## Task instructions:
Please return only the lines from the one holding "(d \<ge> 1).\<close>" through the one holding "graph H has", exactly as they appear in the records below, both ends included.

## Source data:

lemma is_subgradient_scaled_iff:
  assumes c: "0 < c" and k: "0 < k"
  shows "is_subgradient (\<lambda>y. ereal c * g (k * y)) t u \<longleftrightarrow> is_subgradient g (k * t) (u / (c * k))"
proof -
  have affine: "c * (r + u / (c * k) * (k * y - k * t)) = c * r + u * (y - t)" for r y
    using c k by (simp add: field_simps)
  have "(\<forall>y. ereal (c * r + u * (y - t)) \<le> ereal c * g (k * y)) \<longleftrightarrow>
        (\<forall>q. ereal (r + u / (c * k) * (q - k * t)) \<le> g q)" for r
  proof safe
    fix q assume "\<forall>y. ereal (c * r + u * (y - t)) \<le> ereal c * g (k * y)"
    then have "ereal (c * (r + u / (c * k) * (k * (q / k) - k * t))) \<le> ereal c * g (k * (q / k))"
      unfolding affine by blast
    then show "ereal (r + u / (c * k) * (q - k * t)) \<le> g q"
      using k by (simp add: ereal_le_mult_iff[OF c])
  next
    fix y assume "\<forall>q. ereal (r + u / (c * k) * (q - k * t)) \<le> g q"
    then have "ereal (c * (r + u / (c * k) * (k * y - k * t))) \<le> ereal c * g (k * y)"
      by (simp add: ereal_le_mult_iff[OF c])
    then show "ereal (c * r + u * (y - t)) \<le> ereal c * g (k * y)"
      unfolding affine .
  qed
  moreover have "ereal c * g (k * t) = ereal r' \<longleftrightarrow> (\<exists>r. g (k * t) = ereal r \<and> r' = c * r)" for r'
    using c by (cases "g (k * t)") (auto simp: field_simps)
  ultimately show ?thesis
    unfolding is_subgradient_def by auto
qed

==

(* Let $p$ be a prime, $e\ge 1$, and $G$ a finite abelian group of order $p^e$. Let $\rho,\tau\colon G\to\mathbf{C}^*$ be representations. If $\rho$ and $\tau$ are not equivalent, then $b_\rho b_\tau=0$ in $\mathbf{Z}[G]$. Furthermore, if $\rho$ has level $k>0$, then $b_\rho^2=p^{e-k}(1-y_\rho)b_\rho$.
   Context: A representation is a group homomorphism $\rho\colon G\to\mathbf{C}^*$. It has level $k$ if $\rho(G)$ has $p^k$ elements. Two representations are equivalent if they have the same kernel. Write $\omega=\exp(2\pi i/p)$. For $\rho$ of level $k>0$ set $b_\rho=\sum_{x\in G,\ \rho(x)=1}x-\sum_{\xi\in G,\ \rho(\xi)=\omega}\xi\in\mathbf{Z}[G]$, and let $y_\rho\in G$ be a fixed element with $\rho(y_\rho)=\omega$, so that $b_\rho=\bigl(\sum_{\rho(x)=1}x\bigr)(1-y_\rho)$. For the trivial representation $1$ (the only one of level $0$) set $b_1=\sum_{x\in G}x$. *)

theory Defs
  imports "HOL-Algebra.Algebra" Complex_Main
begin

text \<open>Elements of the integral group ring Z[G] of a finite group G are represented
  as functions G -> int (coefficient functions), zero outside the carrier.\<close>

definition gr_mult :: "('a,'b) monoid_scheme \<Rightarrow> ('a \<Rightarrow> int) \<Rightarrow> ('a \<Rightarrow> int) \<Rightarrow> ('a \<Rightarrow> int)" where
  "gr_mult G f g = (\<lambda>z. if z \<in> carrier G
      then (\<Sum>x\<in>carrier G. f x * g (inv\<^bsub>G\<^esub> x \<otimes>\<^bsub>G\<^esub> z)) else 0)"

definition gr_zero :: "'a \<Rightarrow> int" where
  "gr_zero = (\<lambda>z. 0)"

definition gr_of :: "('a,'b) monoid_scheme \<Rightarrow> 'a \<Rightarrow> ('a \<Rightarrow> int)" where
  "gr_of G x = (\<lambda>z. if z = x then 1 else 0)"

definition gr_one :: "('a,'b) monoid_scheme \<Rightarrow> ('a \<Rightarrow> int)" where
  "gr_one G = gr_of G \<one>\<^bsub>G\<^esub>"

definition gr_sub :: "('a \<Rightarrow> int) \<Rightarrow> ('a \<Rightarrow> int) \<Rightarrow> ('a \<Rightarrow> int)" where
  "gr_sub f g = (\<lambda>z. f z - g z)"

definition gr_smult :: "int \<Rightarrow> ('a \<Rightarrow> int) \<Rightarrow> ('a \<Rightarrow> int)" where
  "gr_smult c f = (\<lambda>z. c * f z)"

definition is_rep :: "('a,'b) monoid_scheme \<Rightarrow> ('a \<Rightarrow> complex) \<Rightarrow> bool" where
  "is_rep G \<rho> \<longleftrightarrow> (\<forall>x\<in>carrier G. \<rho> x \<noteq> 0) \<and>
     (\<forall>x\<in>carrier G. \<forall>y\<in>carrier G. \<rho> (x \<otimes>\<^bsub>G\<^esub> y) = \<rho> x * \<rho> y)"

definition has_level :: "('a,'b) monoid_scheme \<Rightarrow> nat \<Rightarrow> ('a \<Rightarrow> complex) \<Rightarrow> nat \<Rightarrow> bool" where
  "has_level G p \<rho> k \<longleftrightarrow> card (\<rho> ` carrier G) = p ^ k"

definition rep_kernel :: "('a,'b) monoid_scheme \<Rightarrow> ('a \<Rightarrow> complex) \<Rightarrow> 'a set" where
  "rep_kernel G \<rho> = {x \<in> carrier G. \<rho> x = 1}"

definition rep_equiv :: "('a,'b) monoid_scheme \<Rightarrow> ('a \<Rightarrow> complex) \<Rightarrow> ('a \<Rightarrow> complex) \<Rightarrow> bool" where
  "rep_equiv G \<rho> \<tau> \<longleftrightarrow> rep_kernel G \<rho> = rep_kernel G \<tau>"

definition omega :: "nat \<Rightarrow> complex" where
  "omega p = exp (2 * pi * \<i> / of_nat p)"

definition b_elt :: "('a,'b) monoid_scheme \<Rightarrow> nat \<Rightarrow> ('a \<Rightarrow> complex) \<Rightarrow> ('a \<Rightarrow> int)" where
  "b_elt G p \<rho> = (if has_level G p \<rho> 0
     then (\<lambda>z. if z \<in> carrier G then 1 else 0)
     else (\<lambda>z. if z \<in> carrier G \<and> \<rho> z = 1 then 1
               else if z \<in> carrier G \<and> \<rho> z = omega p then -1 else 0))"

--

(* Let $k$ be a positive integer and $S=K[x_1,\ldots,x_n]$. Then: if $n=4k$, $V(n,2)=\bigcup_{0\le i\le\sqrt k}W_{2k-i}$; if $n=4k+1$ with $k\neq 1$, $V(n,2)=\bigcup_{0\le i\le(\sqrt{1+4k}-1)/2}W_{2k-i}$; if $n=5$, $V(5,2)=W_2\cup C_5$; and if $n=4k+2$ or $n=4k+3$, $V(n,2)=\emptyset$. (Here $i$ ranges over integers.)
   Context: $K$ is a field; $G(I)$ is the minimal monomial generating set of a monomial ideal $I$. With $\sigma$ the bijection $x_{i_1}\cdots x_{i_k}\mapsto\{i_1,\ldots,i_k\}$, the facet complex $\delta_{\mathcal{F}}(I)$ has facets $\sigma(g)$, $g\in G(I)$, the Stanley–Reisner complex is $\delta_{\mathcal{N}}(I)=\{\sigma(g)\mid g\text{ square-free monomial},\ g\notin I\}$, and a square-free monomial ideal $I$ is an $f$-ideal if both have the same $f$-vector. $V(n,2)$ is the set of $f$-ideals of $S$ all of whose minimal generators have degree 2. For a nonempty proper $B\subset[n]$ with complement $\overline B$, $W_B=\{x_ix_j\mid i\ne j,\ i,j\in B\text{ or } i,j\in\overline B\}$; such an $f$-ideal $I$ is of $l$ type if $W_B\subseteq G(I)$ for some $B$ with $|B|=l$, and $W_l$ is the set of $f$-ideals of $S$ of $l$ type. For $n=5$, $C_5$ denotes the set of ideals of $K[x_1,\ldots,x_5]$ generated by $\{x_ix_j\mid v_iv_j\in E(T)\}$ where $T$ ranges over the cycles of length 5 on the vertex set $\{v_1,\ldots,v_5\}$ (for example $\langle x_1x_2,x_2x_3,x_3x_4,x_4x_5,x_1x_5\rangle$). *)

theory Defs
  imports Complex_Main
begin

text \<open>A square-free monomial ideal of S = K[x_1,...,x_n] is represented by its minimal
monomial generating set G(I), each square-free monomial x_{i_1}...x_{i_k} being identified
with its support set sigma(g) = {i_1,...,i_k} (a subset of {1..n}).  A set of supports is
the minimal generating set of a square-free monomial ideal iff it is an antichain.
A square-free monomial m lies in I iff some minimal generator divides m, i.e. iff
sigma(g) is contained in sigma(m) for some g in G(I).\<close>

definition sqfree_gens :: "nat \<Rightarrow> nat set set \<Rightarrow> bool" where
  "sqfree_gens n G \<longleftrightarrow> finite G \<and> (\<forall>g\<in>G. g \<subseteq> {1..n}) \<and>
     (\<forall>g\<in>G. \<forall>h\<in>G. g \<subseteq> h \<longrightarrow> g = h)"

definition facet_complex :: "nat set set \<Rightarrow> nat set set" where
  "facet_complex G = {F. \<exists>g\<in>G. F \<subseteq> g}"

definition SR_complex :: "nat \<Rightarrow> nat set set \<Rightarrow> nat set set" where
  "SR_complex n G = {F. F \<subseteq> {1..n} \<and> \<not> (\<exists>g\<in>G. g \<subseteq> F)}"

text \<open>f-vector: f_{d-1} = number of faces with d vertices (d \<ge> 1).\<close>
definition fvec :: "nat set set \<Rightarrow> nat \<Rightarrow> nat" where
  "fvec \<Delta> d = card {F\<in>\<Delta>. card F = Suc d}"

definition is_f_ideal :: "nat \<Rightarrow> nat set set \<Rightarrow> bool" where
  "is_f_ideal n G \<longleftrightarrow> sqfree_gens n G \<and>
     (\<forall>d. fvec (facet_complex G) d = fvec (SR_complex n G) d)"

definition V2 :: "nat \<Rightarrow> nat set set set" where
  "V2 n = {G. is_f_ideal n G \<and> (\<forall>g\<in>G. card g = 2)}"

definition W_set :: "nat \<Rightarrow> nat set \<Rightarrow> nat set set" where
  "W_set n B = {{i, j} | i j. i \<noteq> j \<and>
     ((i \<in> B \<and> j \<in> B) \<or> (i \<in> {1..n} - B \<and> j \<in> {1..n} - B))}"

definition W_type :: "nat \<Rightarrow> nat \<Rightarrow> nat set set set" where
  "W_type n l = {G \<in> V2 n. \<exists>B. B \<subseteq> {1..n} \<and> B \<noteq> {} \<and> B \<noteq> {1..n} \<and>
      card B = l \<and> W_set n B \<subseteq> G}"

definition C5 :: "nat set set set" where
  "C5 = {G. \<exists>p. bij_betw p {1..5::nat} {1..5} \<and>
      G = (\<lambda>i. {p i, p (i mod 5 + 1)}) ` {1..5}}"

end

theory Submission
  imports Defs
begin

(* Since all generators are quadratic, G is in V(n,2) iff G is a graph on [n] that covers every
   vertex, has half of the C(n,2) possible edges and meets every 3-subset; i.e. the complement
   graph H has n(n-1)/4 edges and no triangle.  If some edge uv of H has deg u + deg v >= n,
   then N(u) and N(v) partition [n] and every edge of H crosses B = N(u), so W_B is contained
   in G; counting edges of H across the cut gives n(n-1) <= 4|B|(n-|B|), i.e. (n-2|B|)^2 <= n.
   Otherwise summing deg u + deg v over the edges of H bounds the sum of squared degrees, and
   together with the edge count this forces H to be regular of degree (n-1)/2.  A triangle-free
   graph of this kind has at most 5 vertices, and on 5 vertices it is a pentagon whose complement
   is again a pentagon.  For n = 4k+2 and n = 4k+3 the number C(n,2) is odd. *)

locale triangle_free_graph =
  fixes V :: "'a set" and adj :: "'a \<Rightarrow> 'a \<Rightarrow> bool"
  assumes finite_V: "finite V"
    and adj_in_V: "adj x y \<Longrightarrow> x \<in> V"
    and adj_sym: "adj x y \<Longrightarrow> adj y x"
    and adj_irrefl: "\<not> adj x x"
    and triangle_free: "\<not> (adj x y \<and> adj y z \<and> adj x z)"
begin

## Response:
text \<open>f-vector: f_{d-1} = number of faces with d vertices (d \<ge> 1).\<close>
definition fvec :: "nat set set \<Rightarrow> nat \<Rightarrow> nat" where
  "fvec \<Delta> d = card {F\<in>\<Delta>. card F = Suc d}"

definition is_f_ideal :: "nat \<Rightarrow> nat set set \<Rightarrow> bool" where
  "is_f_ideal n G \<longleftrightarrow> sqfree_gens n G \<and>
     (\<forall>d. fvec (facet_complex G) d = fvec (SR_complex n G) d)"

definition V2 :: "nat \<Rightarrow> nat set set set" where
  "V2 n = {G. is_f_ideal n G \<and> (\<forall>g\<in>G. card g = 2)}"

definition W_set :: "nat \<Rightarrow> nat set \<Rightarrow> nat set set" where
  "W_set n B = {{i, j} | i j. i \<noteq> j \<and>
     ((i \<in> B \<and> j \<in> B) \<or> (i \<in> {1..n} - B \<and> j \<in> {1..n} - B))}"

definition W_type :: "nat \<Rightarrow> nat \<Rightarrow> nat set set set" where
  "W_type n l = {G \<in> V2 n. \<exists>B. B \<subseteq> {1..n} \<and> B \<noteq> {} \<and> B \<noteq> {1..n} \<and>
      card B = l \<and> W_set n B \<subseteq> G}"

definition C5 :: "nat set set set" where
  "C5 = {G. \<exists>p. bij_betw p {1..5::nat} {1..5} \<and>
      G = (\<lambda>i. {p i, p (i mod 5 + 1)}) ` {1..5}}"

end

theory Submission
  imports Defs
begin

(* Since all generators are quadratic, G is in V(n,2) iff G is a graph on [n] that covers every
   vertex, has half of the C(n,2) possible edges and meets every 3-subset; i.e. the complement
   graph H has n(n-1)/4 edges and no triangle.  If some edge uv of H has deg u + deg v >= n,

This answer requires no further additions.